• [TASK REQUIREMENTS]
Keep only those lines of the records that include the string "linarith".
● ● ● ●
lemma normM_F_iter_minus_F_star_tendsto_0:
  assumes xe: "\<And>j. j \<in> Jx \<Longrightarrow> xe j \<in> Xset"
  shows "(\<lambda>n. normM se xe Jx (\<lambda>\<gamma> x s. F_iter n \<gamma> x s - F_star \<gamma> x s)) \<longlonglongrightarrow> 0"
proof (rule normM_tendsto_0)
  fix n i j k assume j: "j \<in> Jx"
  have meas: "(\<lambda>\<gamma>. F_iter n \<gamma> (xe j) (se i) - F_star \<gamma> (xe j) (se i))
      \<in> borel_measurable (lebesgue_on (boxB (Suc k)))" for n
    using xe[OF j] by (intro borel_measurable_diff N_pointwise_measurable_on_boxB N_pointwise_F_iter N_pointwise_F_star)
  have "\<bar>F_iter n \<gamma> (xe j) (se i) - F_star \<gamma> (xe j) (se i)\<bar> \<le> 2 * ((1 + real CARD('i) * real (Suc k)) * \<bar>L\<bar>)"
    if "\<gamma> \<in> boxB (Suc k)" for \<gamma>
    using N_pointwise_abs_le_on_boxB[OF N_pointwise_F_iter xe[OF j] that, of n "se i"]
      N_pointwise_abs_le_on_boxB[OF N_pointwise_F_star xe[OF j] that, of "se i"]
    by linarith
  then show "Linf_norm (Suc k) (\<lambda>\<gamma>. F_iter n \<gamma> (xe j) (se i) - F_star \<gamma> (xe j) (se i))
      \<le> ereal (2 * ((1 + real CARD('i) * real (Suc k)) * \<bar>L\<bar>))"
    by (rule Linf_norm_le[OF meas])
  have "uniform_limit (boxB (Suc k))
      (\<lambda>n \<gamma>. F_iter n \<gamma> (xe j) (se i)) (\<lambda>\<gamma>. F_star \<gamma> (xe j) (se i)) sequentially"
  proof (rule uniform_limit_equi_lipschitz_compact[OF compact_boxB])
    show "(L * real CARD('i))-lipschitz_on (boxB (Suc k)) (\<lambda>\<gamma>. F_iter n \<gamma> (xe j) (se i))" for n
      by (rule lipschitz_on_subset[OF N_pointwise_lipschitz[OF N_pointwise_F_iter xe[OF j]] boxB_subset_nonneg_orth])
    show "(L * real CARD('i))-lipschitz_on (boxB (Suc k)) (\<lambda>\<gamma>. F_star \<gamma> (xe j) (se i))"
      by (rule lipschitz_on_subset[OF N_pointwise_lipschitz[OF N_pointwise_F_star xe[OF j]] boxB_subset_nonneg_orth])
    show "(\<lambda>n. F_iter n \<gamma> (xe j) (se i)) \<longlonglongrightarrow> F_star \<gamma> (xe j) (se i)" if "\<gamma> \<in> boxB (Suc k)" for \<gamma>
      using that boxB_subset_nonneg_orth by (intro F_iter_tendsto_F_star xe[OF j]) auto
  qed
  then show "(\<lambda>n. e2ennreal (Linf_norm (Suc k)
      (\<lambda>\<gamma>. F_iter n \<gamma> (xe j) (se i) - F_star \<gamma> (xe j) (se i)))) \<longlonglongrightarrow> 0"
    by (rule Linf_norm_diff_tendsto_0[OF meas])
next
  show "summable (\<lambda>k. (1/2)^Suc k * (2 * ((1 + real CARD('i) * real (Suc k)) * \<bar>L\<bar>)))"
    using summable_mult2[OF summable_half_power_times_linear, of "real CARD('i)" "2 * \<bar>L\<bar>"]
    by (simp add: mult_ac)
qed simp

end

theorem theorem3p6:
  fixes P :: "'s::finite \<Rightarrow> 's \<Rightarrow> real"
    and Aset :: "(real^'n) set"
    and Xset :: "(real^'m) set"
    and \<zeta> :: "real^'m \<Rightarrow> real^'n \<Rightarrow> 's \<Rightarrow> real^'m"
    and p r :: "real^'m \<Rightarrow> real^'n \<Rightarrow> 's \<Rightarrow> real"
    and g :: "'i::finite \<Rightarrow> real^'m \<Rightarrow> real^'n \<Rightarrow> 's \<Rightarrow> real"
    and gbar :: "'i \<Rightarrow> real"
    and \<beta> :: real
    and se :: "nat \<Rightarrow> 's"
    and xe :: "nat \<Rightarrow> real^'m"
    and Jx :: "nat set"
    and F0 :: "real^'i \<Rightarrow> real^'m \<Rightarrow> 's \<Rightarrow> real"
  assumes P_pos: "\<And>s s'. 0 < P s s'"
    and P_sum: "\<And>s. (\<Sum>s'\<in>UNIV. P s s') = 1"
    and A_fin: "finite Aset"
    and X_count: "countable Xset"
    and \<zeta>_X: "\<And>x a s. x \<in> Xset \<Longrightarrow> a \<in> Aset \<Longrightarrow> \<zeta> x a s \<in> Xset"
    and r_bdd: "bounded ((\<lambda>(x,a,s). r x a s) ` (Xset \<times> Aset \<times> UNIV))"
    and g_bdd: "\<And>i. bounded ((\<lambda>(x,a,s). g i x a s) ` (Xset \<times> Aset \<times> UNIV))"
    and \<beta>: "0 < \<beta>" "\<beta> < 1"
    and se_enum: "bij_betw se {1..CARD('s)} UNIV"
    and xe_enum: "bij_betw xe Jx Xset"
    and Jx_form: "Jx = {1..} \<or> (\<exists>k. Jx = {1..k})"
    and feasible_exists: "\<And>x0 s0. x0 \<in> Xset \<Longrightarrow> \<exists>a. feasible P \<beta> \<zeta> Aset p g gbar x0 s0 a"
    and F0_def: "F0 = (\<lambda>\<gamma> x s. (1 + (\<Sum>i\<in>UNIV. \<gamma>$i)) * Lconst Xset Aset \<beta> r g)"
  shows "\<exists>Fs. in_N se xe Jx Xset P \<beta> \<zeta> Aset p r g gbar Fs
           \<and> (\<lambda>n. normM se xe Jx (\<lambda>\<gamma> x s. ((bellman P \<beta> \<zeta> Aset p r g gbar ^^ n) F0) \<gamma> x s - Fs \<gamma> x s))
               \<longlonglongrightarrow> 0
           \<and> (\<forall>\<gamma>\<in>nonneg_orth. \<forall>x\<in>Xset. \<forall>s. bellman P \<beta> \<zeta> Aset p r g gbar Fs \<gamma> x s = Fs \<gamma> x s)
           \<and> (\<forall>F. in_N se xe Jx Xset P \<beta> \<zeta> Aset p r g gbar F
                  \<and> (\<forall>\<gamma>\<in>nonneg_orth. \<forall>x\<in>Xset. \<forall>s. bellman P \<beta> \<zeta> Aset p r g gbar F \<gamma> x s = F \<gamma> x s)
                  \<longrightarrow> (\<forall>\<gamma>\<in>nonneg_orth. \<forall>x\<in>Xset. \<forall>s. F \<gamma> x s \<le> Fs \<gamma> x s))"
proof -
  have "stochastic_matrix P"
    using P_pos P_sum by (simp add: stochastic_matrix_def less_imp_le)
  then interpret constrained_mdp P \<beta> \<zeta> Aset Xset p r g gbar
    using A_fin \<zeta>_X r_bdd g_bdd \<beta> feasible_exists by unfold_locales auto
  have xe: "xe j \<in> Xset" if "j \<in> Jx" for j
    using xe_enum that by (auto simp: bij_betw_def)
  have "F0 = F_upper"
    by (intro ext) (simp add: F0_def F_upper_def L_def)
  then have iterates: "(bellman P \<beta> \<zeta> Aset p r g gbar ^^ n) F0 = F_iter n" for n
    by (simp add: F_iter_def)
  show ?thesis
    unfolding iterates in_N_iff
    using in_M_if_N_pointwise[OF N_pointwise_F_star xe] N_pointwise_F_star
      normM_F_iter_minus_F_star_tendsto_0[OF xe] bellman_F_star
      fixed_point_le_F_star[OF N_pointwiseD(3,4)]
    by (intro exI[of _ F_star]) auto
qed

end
● ● ● ●
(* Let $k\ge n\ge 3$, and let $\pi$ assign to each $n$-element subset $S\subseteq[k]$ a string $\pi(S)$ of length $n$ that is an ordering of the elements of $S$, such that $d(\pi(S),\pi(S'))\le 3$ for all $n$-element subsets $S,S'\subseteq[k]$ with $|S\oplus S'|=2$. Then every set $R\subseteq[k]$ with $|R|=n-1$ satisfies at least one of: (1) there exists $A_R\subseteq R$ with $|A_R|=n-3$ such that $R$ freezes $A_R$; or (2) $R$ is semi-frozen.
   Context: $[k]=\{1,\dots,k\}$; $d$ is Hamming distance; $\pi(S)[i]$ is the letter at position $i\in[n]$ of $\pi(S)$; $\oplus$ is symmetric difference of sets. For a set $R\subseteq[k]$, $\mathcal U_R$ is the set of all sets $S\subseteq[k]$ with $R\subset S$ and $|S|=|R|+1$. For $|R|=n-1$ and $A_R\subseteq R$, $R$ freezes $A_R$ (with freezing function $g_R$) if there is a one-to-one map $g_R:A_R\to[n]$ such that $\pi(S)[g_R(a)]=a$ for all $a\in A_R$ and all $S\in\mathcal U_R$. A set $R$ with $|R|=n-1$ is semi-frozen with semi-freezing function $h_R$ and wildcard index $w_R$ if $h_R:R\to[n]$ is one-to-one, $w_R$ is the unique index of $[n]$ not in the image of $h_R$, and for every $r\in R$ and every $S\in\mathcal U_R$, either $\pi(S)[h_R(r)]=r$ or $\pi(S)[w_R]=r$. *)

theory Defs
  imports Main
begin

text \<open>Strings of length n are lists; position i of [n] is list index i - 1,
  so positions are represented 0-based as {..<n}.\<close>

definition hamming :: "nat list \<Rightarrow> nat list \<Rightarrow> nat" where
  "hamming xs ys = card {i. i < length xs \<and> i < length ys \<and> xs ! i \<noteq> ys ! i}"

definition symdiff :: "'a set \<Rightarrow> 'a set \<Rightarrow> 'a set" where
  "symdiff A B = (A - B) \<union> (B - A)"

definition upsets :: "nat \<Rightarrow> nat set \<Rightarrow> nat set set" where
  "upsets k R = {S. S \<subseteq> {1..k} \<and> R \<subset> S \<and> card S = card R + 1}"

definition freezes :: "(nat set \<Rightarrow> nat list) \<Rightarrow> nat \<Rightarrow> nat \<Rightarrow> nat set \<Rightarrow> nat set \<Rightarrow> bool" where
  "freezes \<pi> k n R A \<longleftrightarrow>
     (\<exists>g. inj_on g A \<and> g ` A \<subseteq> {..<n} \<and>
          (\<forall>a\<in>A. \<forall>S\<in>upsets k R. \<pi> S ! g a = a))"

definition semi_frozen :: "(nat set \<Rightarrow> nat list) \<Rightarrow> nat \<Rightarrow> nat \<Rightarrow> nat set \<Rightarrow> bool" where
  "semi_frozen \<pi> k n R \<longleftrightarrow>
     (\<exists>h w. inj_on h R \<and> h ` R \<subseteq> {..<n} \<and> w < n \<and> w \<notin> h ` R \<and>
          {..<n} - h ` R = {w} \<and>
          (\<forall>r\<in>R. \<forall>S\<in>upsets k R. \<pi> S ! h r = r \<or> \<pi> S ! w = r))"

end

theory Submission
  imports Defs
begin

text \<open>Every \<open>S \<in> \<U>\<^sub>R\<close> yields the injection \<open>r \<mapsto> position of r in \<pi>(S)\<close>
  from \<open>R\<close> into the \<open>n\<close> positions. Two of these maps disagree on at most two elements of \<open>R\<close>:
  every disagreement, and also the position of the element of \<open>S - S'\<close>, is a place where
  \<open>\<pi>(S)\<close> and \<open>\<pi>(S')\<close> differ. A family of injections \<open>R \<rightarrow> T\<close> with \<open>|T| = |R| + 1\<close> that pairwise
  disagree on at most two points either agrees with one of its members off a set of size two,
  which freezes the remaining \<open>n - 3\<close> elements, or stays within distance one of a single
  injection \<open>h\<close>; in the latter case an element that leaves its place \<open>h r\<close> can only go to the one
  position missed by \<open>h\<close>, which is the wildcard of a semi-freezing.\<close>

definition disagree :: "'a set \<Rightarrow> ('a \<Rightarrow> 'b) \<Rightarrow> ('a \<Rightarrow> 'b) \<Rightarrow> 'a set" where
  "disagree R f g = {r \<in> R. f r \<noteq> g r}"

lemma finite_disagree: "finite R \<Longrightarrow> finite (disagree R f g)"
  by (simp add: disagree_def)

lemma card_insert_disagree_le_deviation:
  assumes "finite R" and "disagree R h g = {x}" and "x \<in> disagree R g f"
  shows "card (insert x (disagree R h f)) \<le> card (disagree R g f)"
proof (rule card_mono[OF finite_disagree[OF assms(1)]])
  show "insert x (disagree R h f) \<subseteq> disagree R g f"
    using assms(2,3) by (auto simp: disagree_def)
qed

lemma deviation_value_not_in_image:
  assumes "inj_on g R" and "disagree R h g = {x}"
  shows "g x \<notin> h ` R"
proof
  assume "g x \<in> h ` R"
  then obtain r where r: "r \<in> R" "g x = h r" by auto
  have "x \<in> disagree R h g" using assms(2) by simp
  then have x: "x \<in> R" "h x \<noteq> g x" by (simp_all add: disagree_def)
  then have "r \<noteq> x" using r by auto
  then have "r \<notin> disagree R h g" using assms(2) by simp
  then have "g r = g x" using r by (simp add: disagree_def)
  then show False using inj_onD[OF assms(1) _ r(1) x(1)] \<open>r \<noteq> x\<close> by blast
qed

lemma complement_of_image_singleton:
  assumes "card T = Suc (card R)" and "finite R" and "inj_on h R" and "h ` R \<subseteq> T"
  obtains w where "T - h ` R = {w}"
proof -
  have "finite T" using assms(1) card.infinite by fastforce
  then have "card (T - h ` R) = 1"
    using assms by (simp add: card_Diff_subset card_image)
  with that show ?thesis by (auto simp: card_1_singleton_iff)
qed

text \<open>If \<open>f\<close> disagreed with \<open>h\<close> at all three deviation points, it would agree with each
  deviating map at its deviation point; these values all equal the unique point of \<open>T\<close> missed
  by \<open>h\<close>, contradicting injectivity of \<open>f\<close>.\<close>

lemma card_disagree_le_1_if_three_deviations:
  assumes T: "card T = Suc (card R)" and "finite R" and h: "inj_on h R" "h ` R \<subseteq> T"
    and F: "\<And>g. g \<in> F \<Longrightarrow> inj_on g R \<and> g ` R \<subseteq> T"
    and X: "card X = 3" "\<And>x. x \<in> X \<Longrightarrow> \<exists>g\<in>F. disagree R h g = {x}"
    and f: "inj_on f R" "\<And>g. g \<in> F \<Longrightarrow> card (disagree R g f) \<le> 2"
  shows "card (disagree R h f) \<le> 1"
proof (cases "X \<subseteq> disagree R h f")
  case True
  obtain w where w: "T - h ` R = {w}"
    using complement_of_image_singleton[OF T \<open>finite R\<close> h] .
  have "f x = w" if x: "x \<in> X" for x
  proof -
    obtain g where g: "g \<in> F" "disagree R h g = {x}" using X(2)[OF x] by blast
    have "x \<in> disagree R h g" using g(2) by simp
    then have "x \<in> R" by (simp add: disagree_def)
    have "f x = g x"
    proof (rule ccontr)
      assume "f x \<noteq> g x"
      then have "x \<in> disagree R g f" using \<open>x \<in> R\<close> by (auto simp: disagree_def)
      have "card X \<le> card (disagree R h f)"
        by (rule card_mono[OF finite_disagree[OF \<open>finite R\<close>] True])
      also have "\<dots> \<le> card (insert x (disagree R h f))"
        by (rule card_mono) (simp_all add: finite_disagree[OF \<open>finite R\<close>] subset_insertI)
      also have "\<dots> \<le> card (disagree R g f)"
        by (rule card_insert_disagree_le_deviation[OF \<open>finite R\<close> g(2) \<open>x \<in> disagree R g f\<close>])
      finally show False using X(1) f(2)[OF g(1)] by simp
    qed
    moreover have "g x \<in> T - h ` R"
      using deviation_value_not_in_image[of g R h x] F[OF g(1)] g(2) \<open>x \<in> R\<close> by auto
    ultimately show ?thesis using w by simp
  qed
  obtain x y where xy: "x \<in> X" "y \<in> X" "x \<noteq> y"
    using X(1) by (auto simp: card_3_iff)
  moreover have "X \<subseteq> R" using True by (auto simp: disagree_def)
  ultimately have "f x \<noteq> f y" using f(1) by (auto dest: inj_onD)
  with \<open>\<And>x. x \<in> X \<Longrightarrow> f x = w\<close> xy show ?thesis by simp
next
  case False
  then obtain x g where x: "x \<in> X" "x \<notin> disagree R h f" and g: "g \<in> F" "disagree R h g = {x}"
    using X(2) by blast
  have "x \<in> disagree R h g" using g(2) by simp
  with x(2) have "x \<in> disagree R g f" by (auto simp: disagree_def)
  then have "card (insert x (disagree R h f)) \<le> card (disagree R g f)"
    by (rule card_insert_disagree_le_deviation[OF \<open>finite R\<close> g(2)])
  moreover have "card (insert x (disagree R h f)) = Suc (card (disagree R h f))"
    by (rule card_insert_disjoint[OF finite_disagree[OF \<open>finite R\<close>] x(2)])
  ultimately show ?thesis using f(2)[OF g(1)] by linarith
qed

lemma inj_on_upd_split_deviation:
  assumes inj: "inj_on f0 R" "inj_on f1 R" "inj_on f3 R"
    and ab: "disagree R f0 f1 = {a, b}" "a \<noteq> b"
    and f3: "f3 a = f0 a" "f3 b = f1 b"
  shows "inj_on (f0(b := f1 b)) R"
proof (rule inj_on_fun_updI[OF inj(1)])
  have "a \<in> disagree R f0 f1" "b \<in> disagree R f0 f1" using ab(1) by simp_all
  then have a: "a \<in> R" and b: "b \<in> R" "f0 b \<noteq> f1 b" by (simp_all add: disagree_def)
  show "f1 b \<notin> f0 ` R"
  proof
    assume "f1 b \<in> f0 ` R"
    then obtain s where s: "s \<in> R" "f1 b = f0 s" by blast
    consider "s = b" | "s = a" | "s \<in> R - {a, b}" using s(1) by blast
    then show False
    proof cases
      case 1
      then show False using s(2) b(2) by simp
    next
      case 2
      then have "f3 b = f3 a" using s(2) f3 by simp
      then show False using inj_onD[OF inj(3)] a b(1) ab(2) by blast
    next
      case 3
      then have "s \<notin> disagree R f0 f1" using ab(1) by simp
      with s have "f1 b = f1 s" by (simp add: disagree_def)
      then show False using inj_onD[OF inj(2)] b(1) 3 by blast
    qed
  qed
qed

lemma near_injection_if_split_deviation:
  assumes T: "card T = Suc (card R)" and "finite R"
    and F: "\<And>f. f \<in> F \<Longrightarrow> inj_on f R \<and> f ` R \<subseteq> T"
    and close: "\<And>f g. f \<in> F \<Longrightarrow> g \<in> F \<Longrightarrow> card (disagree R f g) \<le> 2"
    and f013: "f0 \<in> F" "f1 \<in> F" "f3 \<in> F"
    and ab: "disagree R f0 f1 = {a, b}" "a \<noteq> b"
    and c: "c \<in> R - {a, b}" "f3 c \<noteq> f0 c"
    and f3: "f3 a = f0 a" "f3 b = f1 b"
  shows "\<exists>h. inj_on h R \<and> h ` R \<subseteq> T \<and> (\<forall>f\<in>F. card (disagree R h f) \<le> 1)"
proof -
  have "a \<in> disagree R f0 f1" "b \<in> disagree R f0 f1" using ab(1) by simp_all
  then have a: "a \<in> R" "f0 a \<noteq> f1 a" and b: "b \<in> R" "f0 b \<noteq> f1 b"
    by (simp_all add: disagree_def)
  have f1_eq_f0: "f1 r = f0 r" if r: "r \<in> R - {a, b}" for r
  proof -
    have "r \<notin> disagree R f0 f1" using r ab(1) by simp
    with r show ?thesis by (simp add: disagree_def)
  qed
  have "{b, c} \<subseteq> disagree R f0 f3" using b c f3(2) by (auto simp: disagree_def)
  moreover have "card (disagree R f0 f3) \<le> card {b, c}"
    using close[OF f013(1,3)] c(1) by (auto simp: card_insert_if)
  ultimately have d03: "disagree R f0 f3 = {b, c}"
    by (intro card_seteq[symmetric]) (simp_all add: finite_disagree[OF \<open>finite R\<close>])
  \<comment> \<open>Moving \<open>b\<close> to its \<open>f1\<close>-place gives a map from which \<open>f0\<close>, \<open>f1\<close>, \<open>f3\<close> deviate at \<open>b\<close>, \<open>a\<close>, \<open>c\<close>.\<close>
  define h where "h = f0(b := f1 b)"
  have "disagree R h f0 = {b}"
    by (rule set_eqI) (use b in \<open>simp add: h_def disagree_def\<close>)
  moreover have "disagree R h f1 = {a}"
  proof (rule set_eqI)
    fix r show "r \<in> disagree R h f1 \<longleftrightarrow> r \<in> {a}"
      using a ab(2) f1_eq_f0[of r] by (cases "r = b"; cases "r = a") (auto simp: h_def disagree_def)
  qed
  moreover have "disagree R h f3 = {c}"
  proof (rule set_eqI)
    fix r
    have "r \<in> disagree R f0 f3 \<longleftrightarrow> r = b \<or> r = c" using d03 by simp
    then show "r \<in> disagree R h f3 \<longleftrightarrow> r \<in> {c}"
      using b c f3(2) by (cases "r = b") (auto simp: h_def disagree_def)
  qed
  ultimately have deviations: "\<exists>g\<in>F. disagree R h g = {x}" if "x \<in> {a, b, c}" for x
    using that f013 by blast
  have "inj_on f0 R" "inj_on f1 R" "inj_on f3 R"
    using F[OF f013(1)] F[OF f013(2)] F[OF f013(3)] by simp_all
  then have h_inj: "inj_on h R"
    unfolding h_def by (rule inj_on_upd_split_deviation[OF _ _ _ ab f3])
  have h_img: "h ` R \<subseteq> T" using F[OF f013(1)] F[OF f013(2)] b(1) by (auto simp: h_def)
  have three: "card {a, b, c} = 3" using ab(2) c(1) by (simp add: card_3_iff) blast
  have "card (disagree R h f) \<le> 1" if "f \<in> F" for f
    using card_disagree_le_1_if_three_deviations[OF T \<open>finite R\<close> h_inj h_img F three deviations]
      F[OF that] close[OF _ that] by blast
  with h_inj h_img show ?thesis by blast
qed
● ● ● ●
• [ANSWER SPACE]
    by linarith
  ultimately show ?thesis using f(2)[OF g(1)] by linarith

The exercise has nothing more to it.